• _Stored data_
=== Begin Enclosure ===

(* Let $a>-1$ and let $T=\begin{bmatrix} t_{11} & t_{12}\\ 0 & t_{22}\end{bmatrix}$, where $t_{12}$ is a random octonion whose eight real coefficients are independent standard Gaussians, and $t_{11}=s_1^{1/2}$, $t_{22}=s_2^{1/2}$ with $s_1,s_2$ having Gamma distributions $\Gamma[a+1,2]$ and $\Gamma[a+5,2]$ respectively, $t_{12},s_1,s_2$ independent. Let $$W=T^\dagger T=\begin{bmatrix} t_{11}^2 & t_{11}t_{12}\\ t_{11}\bar t_{12} & |t_{12}|^2+t_{22}^2\end{bmatrix},$$ and define the eigenvalues $\lambda_1,\lambda_2$ of $W$ as the two roots of $(W_{11}-\lambda)(W_{22}-\lambda)-|W_{12}|^2=0$ (equivalently, the two distinct eightfold degenerate eigenvalues of the $16\times16$ real symmetric matrix $\begin{bmatrix} W_{11}\mathbb I_8 & \omega(W_{12})\\ \omega(W_{12})^T & W_{22}\mathbb I_8\end{bmatrix}$). Then the joint probability density function of $\lambda_1,\lambda_2$ is proportional to $$(\lambda_1\lambda_2)^{a}e^{-(\lambda_1+\lambda_2)/2}(\lambda_2-\lambda_1)^8,\qquad \lambda_1,\lambda_2>0.$$
   Context: The real octonions form the 8-dimensional real algebra with basis $1,e_1,\dots,e_7$, obtained by Cayley–Dickson doubling of the quaternions: elements are $p_1+p_2 l$ with $p_1,p_2$ quaternions, $e_1=i,e_2=j,e_3=k,e_4=l,e_5=il,e_6=jl,e_7=kl$, with multiplication $(p_1+p_2l)(q_1+q_2l)=(p_1q_1-\bar q_2p_2)+(q_2p_1+p_2\bar q_1)l$. For $x=x_0+\sum_j x_je_j$, $\bar x=x_0-\sum_j x_je_j$ and $|x|^2=x\bar x=x_0^2+\cdots+x_7^2$. $\omega(b)$ denotes the $8\times8$ real matrix of left multiplication $x\mapsto bx$ in the basis $1,e_1,\dots,e_7$. $\Gamma[\kappa,s]$ denotes the Gamma distribution with shape $\kappa$ and scale $s$, i.e. density proportional to $x^{\kappa-1}e^{-x/s}$ on $x>0$. *)

theory Defs
  imports "HOL-Probability.Probability"
begin

definition gamma_density :: "real \<Rightarrow> real \<Rightarrow> real \<Rightarrow> real" where
  "gamma_density k s x =
     (if 0 < x then x powr (k - 1) * exp (- x / s) / (Gamma k * s powr k) else 0)"

text \<open>An octonion is represented by its 8 real coefficients w.r.t. the basis
  1, e1, ..., e7, i.e. by the coordinates x 0, ..., x 7 of a function nat => real.\<close>
type_synonym octo = "nat \<Rightarrow> real"

definition oct_normsq :: "octo \<Rightarrow> real" where
  "oct_normsq x = (\<Sum>i<8. (x i)\<^sup>2)"

definition oct_scale :: "real \<Rightarrow> octo \<Rightarrow> octo" where
  "oct_scale r x = (\<lambda>i. if i < 8 then r * x i else 0)"

definition eig_lo :: "real \<Rightarrow> real \<Rightarrow> real \<Rightarrow> real" where
  "eig_lo w11 w22 n12 =
     ((w11 + w22) - sqrt ((w11 + w22)\<^sup>2 - 4 * (w11 * w22 - n12))) / 2"

definition eig_hi :: "real \<Rightarrow> real \<Rightarrow> real \<Rightarrow> real" where
  "eig_hi w11 w22 n12 =
     ((w11 + w22) + sqrt ((w11 + w22)\<^sup>2 - 4 * (w11 * w22 - n12))) / 2"

lemma eig_roots:
  assumes "(w11 + w22)\<^sup>2 - 4 * (w11 * w22 - n12) \<ge> 0"
  shows "(w11 - eig_lo w11 w22 n12) * (w22 - eig_lo w11 w22 n12) - n12 = 0"
    and "(w11 - eig_hi w11 w22 n12) * (w22 - eig_hi w11 w22 n12) - n12 = 0"
proof -
  define D where "D = (w11 + w22)\<^sup>2 - 4 * (w11 * w22 - n12)"
  have s: "sqrt D * sqrt D = D" using assms D_def by simp
  show "(w11 - eig_lo w11 w22 n12) * (w22 - eig_lo w11 w22 n12) - n12 = 0"
    unfolding eig_lo_def D_def[symmetric] using s unfolding D_def
    by (simp add: field_simps power2_eq_square)
  show "(w11 - eig_hi w11 w22 n12) * (w22 - eig_hi w11 w22 n12) - n12 = 0"
    unfolding eig_hi_def D_def[symmetric] using s unfolding D_def
    by (simp add: field_simps power2_eq_square)
qed

end

theory Submission
  imports Defs
begin

text \<open>
  Put \<open>r = |t12|\<^sup>2\<close>, a chi-square variable with eight degrees of freedom, so that
  \<open>(s1, s2, r)\<close> has a product density. The eigenvalues only depend on \<open>(s1, s2, r)\<close>:
  \<open>W11 = s1\<close>, \<open>W22 = r + s2\<close> and \<open>|W12|\<^sup>2 = s1 r\<close>, hence \<open>\<lambda>1 \<lambda>2 = s1 s2\<close>.
  For fixed \<open>s1, s2\<close> the larger eigenvalue \<open>\<lambda>2\<close> is an increasing function of \<open>r\<close>, and for
  fixed \<open>s1, \<lambda>2\<close> the smaller one is \<open>\<lambda>1 = s1 s2 / \<lambda>2\<close>. These two one-dimensional
  substitutions give the joint density of \<open>(\<lambda>1, \<lambda>2, s1)\<close>, supported on \<open>\<lambda>1 < s1 < \<lambda>2\<close>;
  integrating out \<open>s1\<close> leaves \<open>\<integral> (x - \<lambda>1)\<^sup>3 (\<lambda>2 - x)\<^sup>3 / x\<^sup>8 dx = (\<lambda>2 - \<lambda>1)\<^sup>7 / (140 (\<lambda>1 \<lambda>2)\<^sup>4)\<close>,
  which produces the factor \<open>(\<lambda>2 - \<lambda>1)\<^sup>8\<close>.
\<close>

section \<open>Substitution and image measures\<close>

lemma pred_greaterThan[measurable (raw)]:
  fixes f g :: "'a \<Rightarrow> real"
  assumes [measurable]: "f \<in> borel_measurable M" "g \<in> borel_measurable M"
  shows "Measurable.pred M (\<lambda>x. g x \<in> {f x<..})"
  by (simp add: greaterThan_iff) measurable

lemma image_atLeastAtMost_deriv_nonneg:
  fixes g g' :: "real \<Rightarrow> real"
  assumes "a \<le> b"
    and deriv: "\<And>x. x \<in> {a..b} \<Longrightarrow> (g has_real_derivative g' x) (at x)"
    and nonneg: "\<And>x. x \<in> {a..b} \<Longrightarrow> g' x \<ge> 0"
  shows "g ` {a..b} = {g a..g b}"
proof -
  have mono: "\<And>x y. a \<le> x \<Longrightarrow> x \<le> y \<Longrightarrow> y \<le> b \<Longrightarrow> g x \<le> g y"
    by (rule deriv_nonneg_imp_mono[OF deriv nonneg]) auto
  have "continuous_on {a..b} g"
    using deriv by (meson DERIV_isCont continuous_at_imp_continuous_on)
  then have "{g a..g b} \<subseteq> g ` {a..b}"
    using IVT'[of g a _ b] \<open>a \<le> b\<close> by (fastforce simp: image_iff)
  then show ?thesis using mono by auto
qed

lemma nn_integral_substitution_UN_atLeastAtMost:
  fixes g g' f :: "real \<Rightarrow> real" and l u :: "nat \<Rightarrow> real"
  assumes S: "S = (\<Union>n. {l n..u n})" and l: "decseq l" and u: "incseq u" and lu: "\<And>n. l n \<le> u n"
    and deriv: "\<And>x. x \<in> S \<Longrightarrow> (g has_real_derivative g' x) (at x)"
    and cont: "continuous_on S g'" and nonneg: "\<And>x. x \<in> S \<Longrightarrow> g' x \<ge> 0"
    and f[measurable]: "f \<in> borel_measurable borel" and f_nonneg: "\<And>x. f x \<ge> 0"
  shows "(\<integral>\<^sup>+x. f x * indicator (g ` S) x \<partial>lborel) = (\<integral>\<^sup>+x. f (g x) * g' x * indicator S x \<partial>lborel)"
proof -
  define B where "B n = {l n..u n}" for n
  have B_sub: "B n \<subseteq> S" for n unfolding S B_def by auto
  have inc_B: "incseq B" unfolding B_def incseq_def using l u by (auto simp: decseq_def incseq_def)
  have S_borel[measurable]: "S \<in> sets borel" unfolding S by measurable
  have g_cont: "continuous_on S g"
    using deriv by (meson DERIV_isCont continuous_at_imp_continuous_on)
  have deriv_B: "(g has_real_derivative g' x) (at x)" and nonneg_B: "g' x \<ge> 0"
    if "x \<in> {l n..u n}" for n x
    using that deriv nonneg B_sub[of n] unfolding B_def by auto
  have cont_B: "continuous_on {l n..u n} g'" for n
    using continuous_on_subset[OF cont B_sub[of n]] unfolding B_def .
  have image_B: "g ` B n = {g (l n)..g (u n)}" for n
    unfolding B_def by (rule image_atLeastAtMost_deriv_nonneg[OF lu deriv_B nonneg_B])
  have inc_image: "incseq (\<lambda>n. g ` B n)"
    using inc_B by (auto simp: incseq_def)
  have image_S: "g ` S = (\<Union>n. g ` B n)" unfolding S B_def by auto
  define H where "H x = f (g x) * g' x * indicator S x" for x
  have H_eq: "H = (\<lambda>x. f (indicator S x * g x) * (indicator S x * g' x) * indicator S x)"
    by (auto simp: H_def fun_eq_iff split: split_indicator)
  have [measurable]: "(\<lambda>x. indicator S x * g x) \<in> borel_measurable borel"
    "(\<lambda>x. indicator S x * g' x) \<in> borel_measurable borel"
    using borel_measurable_continuous_on_indicator[OF S_borel g_cont]
      borel_measurable_continuous_on_indicator[OF S_borel cont] by simp_all
  have H[measurable]: "H \<in> borel_measurable borel" unfolding H_eq by measurable
  have "(\<integral>\<^sup>+x. f x * indicator (g ` S) x \<partial>lborel) = emeasure (density lborel f) (g ` S)"
    unfolding image_S image_B by (subst emeasure_density) (auto intro!: nn_integral_cong split: split_indicator)
  also have "\<dots> = (SUP n. emeasure (density lborel f) (g ` B n))"
    unfolding image_S by (rule SUP_emeasure_incseq[symmetric]) (use inc_image in \<open>auto simp: image_B\<close>)
  also have "\<dots> = (SUP n. (\<integral>\<^sup>+x. f x * indicator {g (l n)..g (u n)} x \<partial>lborel))"
    by (subst emeasure_density) (auto simp: image_B intro!: SUP_cong nn_integral_cong split: split_indicator)
  also have "\<dots> = (SUP n. (\<integral>\<^sup>+x. f (g x) * g' x * indicator {l n..u n} x \<partial>lborel))"
    by (intro SUP_cong refl nn_integral_substitution deriv_B nonneg_B cont_B)
      (auto simp: lu set_borel_measurable_def)
  also have "\<dots> = (SUP n. (\<integral>\<^sup>+x. ennreal (H x) * indicator (B n) x \<partial>lborel))"
    using B_sub by (force simp: B_def H_def intro!: SUP_cong nn_integral_cong split: split_indicator)
  also have "\<dots> = (SUP n. emeasure (density lborel H) (B n))"
    by (subst emeasure_density) (auto simp: B_def)
  also have "\<dots> = emeasure (density lborel H) S"
    using inc_B by (subst SUP_emeasure_incseq) (auto simp: B_def S)
  also have "\<dots> = (\<integral>\<^sup>+x. f (g x) * g' x * indicator S x \<partial>lborel)"
    by (subst emeasure_density) (auto simp: H_def[symmetric] intro!: nn_integral_cong split: split_indicator, simp add: H_def)
  finally show ?thesis .
qed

=== End Enclosure ===

• _WHAT THE TASK REQUIRES_
Return only the part of the records above that opens with the line containing "substitutions give the" and closes with the line containing "l n \<le> u", ends included.

• _ANSWER FOR THE TASK_
  substitutions give the joint density of \<open>(\<lambda>1, \<lambda>2, s1)\<close>, supported on \<open>\<lambda>1 < s1 < \<lambda>2\<close>;
  integrating out \<open>s1\<close> leaves \<open>\<integral> (x - \<lambda>1)\<^sup>3 (\<lambda>2 - x)\<^sup>3 / x\<^sup>8 dx = (\<lambda>2 - \<lambda>1)\<^sup>7 / (140 (\<lambda>1 \<lambda>2)\<^sup>4)\<close>,
  which produces the factor \<open>(\<lambda>2 - \<lambda>1)\<^sup>8\<close>.
\<close>

section \<open>Substitution and image measures\<close>

lemma pred_greaterThan[measurable (raw)]:
  fixes f g :: "'a \<Rightarrow> real"
  assumes [measurable]: "f \<in> borel_measurable M" "g \<in> borel_measurable M"
  shows "Measurable.pred M (\<lambda>x. g x \<in> {f x<..})"
  by (simp add: greaterThan_iff) measurable

lemma image_atLeastAtMost_deriv_nonneg:
  fixes g g' :: "real \<Rightarrow> real"
  assumes "a \<le> b"
    and deriv: "\<And>x. x \<in> {a..b} \<Longrightarrow> (g has_real_derivative g' x) (at x)"
    and nonneg: "\<And>x. x \<in> {a..b} \<Longrightarrow> g' x \<ge> 0"
  shows "g ` {a..b} = {g a..g b}"
proof -
  have mono: "\<And>x y. a \<le> x \<Longrightarrow> x \<le> y \<Longrightarrow> y \<le> b \<Longrightarrow> g x \<le> g y"
    by (rule deriv_nonneg_imp_mono[OF deriv nonneg]) auto
  have "continuous_on {a..b} g"
    using deriv by (meson DERIV_isCont continuous_at_imp_continuous_on)
  then have "{g a..g b} \<subseteq> g ` {a..b}"
    using IVT'[of g a _ b] \<open>a \<le> b\<close> by (fastforce simp: image_iff)
  then show ?thesis using mono by auto
qed

lemma nn_integral_substitution_UN_atLeastAtMost:
  fixes g g' f :: "real \<Rightarrow> real" and l u :: "nat \<Rightarrow> real"
  assumes S: "S = (\<Union>n. {l n..u n})" and l: "decseq l" and u: "incseq u" and lu: "\<And>n. l n \<le> u n"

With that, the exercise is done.